Uses morphological analysis for Japanese text segmentation.

Pipeline: UnicodeNormalizationCharFilter (NFKC) → JapaneseIterationMarkCharFilterLinderaTokenizerLowercaseFilterStopFilter (Japanese stop words)

#![allow(unused)]
fn main() {
use laurus::analysis::analyzer::japanese::JapaneseAnalyzer;

let analyzer = JapaneseAnalyzer::new()?;
// "東京都に住んでいる" → ["東京", "都", "に", "住ん", "で", "いる"]
}

KeywordAnalyzer

Treats the entire input as a single token. No tokenization or normalization.

#![allow(unused)]
fn main() {
use laurus::analysis::analyzer::keyword::KeywordAnalyzer;

let analyzer = KeywordAnalyzer::new();
// "Hello World" → ["Hello World"]
}

Use this for fields that should match exactly (categories, tags, status codes).

SimpleAnalyzer

Tokenizes text without any filtering. The original case and all tokens are preserved. Useful when you need complete control over the analysis pipeline or want to test a tokenizer in isolation.

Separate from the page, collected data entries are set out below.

lemma exists_perturbation_independent_pair:
  assumes indep: "independent {A, B}" "A \<noteq> B" and P: "P \<in> span {A, B}" and Q: "Q \<in> span {A, B}"
  obtains t :: real
  where "t \<noteq> 0" and "independent {A - t *\<^sub>R P, B + t *\<^sub>R Q}" and "A - t *\<^sub>R P \<noteq> B + t *\<^sub>R Q"
proof -
  obtain a1 a2 where P: "P = a1 *\<^sub>R A + a2 *\<^sub>R B" using P unfolding span_pair_iff by blast
  obtain b1 b2 where Q: "Q = b1 *\<^sub>R A + b2 *\<^sub>R B" using Q unfolding span_pair_iff by blast
  have coeffs: "s *\<^sub>R A + r *\<^sub>R B = 0 \<Longrightarrow> s = 0 \<and> r = 0" for s r
    using indep independent_pair_iff by blast
  obtain t where t: "t \<in> {1, 2, 3}" and D: "1 + t * (b2 - a1) + t * t * (a2 * b1 - a1 * b2) \<noteq> 0"
    using exists_123_not_root by blast
  (* d is the determinant of the perturbed pair with respect to A, B. *)
  define d where "d = (1 - t * a1) * (1 + t * b2) + t * t * (a2 * b1)"
  have "d \<noteq> 0" using D by (simp add: d_def algebra_simps)
  have "s = 0 \<and> r = 0" if sr: "s *\<^sub>R (A - t *\<^sub>R P) + r *\<^sub>R (B + t *\<^sub>R Q) = 0" for s r
  proof -
    define c1 where "c1 = s * (1 - t * a1) + r * t * b1"
    define c2 where "c2 = - s * t * a2 + r * (1 + t * b2)"
    have "c1 *\<^sub>R A + c2 *\<^sub>R B = 0" using sr by (simp add: P Q c1_def c2_def algebra_simps)
    then have "c1 = 0" and "c2 = 0" using coeffs by auto
    moreover have "s * d = (1 + t * b2) * c1 - t * b1 * c2" and "r * d = t * a2 * c1 + (1 - t * a1) * c2"
      by (simp_all add: c1_def c2_def d_def algebra_simps)
    ultimately show ?thesis using \<open>d \<noteq> 0\<close> by simp
  qed
  then have "independent {A - t *\<^sub>R P, B + t *\<^sub>R Q} \<and> A - t *\<^sub>R P \<noteq> B + t *\<^sub>R Q"
    by (simp add: independent_pair_iff)
  moreover have "t \<noteq> 0" using t by auto
  ultimately show thesis using that by blast
qed

context nil2_lie
begin

lemma exists_independent_brackets:
  assumes "2 \<le> dim derived"
  obtains x y z w where "independent {br x y, br z w}" and "br x y \<noteq> br z w"
proof -
  obtain x y where a: "br x y \<noteq> 0"
  proof (rule ccontr)
    assume "\<not> thesis"
    then have "br x y \<in> span {}" for x y using that by (auto intro: span_zero)
    then have "derived \<subseteq> span {}" by (rule derived_subset_span)
    then have "dim derived \<le> card ({} :: 'v set)" by (rule dim_le_card) simp
    then show False using assms by (simp del: dim_eq_0)
  qed
  obtain z w where b: "br z w \<notin> span {br x y}"
  proof (rule ccontr)
    assume "\<not> thesis"
    then have "br z w \<in> span {br x y}" for z w using that by blast
    then have "derived \<subseteq> span {br x y}" by (rule derived_subset_span)
    then have "dim derived \<le> card {br x y}" by (rule dim_le_card) simp
    then show False using assms by simp
  qed
  have "independent {br z w, br x y}" using a b by (simp add: independent_insert)
  moreover have "br x y \<noteq> br z w" using b span_base[of "br x y" "{br x y}"] by auto
  ultimately show thesis using that by (simp add: insert_commute)
qed
lemma exists_maximal_left_ideal:
  assumes "left_ideal R I" and "\<one> \<notin> I"
  shows "\<exists>M. maximal_left_ideal R M \<and> I \<subseteq> M"
proof -
  let ?P = "{K. left_ideal R K \<and> I \<subseteq> K \<and> \<one> \<notin> K}"
  have "\<exists>U\<in>?P. \<forall>K\<in>C. K \<subseteq> U" if C: "C \<in> chains ?P" for C
  proof (cases "C = {}")
    case True
    have "I \<in> ?P" using assms by blast
    with True show ?thesis by blast
  next
    case False
    have "C \<in> chains {K. left_ideal R K}"
      using C by (auto simp: chains_def)
    then have "left_ideal R (\<Union>C)"
      using False by (rule left_ideal_Union_chain)
    moreover have "I \<subseteq> \<Union>C" "\<one> \<notin> \<Union>C"
      using False chainsD2[OF C] by blast+
    ultimately show ?thesis by blast
  qed
  then obtain M where M: "M \<in> ?P" and max: "\<And>K. K \<in> ?P \<Longrightarrow> M \<subseteq> K \<Longrightarrow> K = M"
    using Zorn_Lemma2[of ?P] by meson
  have "maximal_left_ideal R M"
    unfolding maximal_left_ideal_def
  proof (intro conjI allI impI)
    show "left_ideal R M" using M by blast
    show "M \<noteq> carrier R" using M by blast
    fix K assume K: "left_ideal R K \<and> M \<subseteq> K"
    show "K = M \<or> K = carrier R"
    proof (cases "\<one> \<in> K")
      case True
      then show ?thesis using K left_ideal_one_imp_carrier by blast
    next
      case False
      then show ?thesis using K M max[of K] by blast
    qed
  qed
  with M show ?thesis by blast
qed

lemma left_ideal_jacobson: "left_ideal R (jacobson R)"
proof -
  have ideals: "\<And>M. maximal_left_ideal R M \<Longrightarrow> left_ideal R M"
    unfolding maximal_left_ideal_def by blast
  show ?thesis
  proof (rule left_idealI)
    show "jacobson R \<subseteq> carrier R" unfolding jacobson_def by blast
    show "\<zero> \<in> jacobson R"
      unfolding jacobson_def using ideals left_idealD(2) by blast
    show "a \<oplus> b \<in> jacobson R" if "a \<in> jacobson R" "b \<in> jacobson R" for a b
      using that ideals left_idealD(3) unfolding jacobson_def by blast
    show "\<ominus> a \<in> jacobson R" if "a \<in> jacobson R" for a
      using that ideals left_idealD(4) unfolding jacobson_def by blast
    show "r \<otimes> a \<in> jacobson R" if "r \<in> carrier R" "a \<in> jacobson R" for r a
      using that ideals left_idealD(5) unfolding jacobson_def by blast
  qed
qed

Pipeline: User-specified Tokenizer only (no char filters, no token filters)

#![allow(unused)]
fn main() {
use laurus::analysis::analyzer::simple::SimpleAnalyzer;
use laurus::analysis::tokenizer::regex::RegexTokenizer;
use std::sync::Arc;

let tokenizer = Arc::new(RegexTokenizer::new()?);
let analyzer = SimpleAnalyzer::new(tokenizer);
// "Hello World" → ["Hello", "World"]
// (no lowercasing, no stop word removal)
}

Use this for testing tokenizers, or when you want to apply token filters manually in a separate step.

EnglishAnalyzer

An English-specific analyzer. Tokenizes, lowercases, and removes common English stop words.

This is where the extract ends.